[[ Data listing open ]]

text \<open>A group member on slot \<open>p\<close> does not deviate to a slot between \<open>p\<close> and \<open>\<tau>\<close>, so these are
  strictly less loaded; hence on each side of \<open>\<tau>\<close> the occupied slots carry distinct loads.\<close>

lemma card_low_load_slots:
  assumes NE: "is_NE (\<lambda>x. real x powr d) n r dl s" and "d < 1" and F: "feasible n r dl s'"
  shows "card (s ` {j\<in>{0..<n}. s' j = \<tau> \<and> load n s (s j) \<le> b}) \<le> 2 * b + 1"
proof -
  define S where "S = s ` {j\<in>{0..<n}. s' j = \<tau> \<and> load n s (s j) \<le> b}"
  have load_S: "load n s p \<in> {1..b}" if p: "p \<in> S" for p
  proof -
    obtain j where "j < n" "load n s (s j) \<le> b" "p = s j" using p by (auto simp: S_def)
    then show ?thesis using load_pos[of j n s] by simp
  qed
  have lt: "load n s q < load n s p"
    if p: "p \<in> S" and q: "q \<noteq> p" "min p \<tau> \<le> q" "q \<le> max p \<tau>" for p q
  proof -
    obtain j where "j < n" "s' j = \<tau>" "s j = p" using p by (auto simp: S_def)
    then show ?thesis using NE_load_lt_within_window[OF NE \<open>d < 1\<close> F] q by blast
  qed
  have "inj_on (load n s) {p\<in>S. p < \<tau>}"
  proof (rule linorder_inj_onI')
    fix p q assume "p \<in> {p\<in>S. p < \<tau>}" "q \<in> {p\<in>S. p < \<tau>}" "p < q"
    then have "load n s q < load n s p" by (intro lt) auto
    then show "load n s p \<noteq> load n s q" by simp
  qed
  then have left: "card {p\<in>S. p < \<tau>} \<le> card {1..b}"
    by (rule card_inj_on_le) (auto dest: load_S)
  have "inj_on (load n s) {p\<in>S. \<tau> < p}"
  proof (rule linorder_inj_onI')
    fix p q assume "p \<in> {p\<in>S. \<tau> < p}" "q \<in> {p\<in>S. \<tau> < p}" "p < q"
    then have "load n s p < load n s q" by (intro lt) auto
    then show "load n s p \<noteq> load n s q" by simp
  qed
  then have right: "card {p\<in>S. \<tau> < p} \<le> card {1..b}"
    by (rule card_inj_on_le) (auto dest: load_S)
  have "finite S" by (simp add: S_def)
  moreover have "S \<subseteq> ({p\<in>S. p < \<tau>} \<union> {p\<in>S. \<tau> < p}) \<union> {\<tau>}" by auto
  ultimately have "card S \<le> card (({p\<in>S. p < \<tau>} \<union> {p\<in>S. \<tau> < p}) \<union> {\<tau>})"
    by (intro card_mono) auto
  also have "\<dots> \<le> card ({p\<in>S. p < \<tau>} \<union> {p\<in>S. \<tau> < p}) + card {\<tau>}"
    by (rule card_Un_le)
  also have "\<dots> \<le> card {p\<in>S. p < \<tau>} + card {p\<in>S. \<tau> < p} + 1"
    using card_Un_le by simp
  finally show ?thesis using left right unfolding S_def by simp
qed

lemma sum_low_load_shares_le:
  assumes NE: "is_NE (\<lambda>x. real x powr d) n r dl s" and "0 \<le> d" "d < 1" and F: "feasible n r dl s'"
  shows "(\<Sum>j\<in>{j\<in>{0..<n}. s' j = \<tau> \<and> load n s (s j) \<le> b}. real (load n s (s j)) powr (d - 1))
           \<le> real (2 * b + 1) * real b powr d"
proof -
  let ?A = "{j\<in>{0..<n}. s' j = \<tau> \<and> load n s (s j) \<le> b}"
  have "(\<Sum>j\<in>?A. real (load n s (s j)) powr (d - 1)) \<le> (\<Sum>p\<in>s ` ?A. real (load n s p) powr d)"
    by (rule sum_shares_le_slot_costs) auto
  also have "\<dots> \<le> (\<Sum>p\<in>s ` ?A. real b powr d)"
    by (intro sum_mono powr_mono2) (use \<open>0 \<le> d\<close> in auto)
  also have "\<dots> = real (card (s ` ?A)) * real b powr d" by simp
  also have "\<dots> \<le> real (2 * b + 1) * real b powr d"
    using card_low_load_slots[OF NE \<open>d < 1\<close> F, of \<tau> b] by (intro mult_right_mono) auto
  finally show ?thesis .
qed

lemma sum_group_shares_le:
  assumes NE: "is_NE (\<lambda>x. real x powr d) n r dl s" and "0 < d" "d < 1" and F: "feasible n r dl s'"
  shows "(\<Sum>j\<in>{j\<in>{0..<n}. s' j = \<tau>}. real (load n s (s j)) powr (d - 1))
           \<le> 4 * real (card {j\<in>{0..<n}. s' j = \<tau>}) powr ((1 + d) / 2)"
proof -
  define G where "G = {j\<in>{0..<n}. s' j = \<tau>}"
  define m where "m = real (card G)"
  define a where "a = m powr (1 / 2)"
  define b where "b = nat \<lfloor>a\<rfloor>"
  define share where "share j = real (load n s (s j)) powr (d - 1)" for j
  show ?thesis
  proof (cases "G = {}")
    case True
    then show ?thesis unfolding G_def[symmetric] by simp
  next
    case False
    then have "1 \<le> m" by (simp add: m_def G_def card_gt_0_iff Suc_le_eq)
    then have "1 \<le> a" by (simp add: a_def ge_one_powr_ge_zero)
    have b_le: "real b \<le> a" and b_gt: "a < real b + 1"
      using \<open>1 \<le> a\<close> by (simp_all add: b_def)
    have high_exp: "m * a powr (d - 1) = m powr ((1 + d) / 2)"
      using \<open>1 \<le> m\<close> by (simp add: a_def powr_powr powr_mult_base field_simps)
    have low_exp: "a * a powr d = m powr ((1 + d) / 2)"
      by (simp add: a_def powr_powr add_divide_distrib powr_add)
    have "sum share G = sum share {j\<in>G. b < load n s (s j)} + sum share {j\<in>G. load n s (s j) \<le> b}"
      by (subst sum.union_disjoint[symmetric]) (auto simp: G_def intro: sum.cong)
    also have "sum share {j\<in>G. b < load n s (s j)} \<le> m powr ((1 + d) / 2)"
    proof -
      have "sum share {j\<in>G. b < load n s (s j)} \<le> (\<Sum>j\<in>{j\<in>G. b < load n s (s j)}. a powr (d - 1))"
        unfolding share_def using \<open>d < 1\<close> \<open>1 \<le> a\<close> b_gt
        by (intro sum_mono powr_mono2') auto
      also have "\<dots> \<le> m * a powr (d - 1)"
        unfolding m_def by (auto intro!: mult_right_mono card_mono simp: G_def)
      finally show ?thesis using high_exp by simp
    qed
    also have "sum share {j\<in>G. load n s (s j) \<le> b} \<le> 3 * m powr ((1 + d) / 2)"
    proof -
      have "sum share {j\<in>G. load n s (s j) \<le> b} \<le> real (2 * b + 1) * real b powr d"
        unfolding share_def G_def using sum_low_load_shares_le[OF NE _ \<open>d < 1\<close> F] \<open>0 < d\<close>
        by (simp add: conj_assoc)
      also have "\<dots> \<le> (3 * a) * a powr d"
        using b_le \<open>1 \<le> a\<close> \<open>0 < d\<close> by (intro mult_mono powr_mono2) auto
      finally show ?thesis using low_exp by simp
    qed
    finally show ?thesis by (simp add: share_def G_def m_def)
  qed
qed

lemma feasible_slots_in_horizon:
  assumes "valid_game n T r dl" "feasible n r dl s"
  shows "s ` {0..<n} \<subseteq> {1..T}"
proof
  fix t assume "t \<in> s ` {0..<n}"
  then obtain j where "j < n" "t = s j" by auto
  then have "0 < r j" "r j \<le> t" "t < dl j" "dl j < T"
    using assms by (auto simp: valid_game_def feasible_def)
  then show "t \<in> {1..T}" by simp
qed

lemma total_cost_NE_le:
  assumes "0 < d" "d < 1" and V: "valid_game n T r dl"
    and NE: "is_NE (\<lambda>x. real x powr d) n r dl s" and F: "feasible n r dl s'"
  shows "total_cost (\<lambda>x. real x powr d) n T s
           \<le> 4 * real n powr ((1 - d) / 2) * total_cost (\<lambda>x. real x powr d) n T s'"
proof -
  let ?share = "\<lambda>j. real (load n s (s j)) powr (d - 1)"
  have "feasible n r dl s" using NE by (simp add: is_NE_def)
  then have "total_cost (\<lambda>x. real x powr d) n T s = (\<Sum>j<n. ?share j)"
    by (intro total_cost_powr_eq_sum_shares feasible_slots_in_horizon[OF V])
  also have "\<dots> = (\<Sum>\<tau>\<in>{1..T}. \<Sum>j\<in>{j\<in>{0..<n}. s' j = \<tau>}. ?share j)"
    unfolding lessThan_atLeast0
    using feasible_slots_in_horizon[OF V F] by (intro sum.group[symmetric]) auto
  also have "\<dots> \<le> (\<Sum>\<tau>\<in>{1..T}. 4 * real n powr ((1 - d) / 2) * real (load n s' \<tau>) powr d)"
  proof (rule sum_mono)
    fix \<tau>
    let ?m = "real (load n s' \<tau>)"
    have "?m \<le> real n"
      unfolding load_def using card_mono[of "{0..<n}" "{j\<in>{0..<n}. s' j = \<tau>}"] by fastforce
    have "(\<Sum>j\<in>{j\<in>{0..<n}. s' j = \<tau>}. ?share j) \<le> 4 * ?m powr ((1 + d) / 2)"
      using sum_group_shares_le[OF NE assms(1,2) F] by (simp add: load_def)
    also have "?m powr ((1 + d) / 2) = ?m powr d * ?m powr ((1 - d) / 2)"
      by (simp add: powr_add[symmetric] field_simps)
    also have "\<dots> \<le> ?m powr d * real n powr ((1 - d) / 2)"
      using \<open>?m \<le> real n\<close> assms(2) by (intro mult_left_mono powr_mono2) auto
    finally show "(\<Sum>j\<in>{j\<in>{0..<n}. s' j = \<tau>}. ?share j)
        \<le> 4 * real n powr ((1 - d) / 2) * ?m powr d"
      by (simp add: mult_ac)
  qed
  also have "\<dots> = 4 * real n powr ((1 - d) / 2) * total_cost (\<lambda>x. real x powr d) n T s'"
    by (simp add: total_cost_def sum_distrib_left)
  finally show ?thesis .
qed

[[ Data listing closed ]]
[[ Data listing open ]]

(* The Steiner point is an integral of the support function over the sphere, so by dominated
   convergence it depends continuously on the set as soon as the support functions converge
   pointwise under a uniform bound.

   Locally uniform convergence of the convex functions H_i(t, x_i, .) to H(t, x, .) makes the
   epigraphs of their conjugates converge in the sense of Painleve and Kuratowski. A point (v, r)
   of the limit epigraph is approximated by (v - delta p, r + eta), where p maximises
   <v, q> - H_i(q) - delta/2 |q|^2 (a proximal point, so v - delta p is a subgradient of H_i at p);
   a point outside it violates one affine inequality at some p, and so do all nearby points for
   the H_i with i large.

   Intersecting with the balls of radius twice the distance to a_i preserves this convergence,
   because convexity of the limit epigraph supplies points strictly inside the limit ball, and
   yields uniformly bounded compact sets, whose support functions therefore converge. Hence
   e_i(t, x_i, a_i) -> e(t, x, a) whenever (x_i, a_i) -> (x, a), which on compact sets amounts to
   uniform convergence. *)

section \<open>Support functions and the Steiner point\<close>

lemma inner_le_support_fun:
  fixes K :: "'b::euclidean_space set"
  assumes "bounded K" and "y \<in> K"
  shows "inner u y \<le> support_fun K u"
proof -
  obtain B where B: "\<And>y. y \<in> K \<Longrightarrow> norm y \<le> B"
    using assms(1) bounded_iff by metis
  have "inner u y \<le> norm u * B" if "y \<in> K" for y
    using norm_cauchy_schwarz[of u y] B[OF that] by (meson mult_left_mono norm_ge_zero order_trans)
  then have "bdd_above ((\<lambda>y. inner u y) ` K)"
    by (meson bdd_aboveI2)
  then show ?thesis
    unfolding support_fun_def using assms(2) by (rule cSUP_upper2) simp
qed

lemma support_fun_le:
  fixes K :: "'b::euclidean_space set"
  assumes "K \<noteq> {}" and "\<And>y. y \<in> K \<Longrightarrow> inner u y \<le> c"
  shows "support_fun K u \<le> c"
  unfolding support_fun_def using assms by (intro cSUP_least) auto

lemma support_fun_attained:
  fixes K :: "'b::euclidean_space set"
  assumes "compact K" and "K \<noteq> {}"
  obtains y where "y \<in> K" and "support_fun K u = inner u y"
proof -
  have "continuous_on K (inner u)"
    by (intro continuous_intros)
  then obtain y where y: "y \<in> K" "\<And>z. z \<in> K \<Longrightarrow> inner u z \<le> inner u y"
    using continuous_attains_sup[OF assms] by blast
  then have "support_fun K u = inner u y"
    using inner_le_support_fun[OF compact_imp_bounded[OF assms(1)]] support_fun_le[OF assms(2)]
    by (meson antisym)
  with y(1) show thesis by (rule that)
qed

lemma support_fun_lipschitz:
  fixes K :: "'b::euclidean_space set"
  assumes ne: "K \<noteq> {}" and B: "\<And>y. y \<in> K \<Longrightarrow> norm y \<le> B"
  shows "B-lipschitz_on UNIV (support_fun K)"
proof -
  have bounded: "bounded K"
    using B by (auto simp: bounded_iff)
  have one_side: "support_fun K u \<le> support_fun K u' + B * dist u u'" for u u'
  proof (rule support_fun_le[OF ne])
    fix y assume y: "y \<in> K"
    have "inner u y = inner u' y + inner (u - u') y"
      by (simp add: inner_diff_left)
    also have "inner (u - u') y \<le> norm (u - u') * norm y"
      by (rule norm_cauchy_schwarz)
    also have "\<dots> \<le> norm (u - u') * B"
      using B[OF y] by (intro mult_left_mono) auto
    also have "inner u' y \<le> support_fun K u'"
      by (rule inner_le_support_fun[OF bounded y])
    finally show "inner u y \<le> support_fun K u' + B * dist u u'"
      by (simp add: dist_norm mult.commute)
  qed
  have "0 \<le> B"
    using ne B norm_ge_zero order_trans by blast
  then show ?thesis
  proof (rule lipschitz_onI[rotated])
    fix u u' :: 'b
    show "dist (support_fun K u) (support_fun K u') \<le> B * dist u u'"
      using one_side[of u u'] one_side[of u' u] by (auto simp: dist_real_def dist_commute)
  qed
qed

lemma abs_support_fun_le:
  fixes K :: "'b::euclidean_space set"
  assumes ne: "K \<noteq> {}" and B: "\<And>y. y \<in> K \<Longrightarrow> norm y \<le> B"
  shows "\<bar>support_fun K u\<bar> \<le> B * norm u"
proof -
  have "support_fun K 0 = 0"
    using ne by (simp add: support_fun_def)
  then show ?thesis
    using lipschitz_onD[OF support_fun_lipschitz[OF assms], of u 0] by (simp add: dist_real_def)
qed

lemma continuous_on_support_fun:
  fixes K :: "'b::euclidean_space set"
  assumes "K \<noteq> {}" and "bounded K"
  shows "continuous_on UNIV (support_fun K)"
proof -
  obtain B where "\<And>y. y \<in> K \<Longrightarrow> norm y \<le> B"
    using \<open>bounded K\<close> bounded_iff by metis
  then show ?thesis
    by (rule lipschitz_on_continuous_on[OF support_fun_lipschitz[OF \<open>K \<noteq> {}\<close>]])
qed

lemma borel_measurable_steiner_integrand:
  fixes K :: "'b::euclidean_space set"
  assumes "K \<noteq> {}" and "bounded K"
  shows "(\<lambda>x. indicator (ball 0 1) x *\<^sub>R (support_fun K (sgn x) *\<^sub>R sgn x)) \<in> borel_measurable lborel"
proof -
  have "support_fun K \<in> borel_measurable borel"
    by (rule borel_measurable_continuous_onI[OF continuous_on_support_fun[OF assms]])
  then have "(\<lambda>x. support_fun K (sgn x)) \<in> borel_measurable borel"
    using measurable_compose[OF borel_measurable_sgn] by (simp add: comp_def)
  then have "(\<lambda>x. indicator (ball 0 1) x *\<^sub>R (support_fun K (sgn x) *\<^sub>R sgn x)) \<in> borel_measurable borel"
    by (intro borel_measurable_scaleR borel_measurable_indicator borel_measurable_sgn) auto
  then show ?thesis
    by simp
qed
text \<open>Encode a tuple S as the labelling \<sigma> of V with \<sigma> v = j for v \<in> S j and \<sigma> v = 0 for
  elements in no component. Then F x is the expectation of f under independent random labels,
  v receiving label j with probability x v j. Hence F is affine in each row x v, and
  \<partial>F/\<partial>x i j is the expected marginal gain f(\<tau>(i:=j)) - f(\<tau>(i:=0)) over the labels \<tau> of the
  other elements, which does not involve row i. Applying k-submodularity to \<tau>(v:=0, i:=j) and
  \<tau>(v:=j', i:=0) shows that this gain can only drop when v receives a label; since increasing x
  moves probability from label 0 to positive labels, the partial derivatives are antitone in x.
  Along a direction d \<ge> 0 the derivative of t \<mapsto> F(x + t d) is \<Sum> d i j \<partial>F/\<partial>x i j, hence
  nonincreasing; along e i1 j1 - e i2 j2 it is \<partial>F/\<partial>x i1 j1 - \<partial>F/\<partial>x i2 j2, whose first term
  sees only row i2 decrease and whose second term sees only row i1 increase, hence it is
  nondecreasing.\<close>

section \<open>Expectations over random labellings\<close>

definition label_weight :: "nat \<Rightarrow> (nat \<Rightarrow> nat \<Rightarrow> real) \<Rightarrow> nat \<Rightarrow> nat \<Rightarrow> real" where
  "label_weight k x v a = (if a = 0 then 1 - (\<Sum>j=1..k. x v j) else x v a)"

[[ Data listing closed ]]

* **Task item**: Scan the lines above, and whenever one holds the string "delta", copy it.

* **Result of the exercise**:
   of the limit epigraph is approximated by (v - delta p, r + eta), where p maximises
   <v, q> - H_i(q) - delta/2 |q|^2 (a proximal point, so v - delta p is a subgradient of H_i at p);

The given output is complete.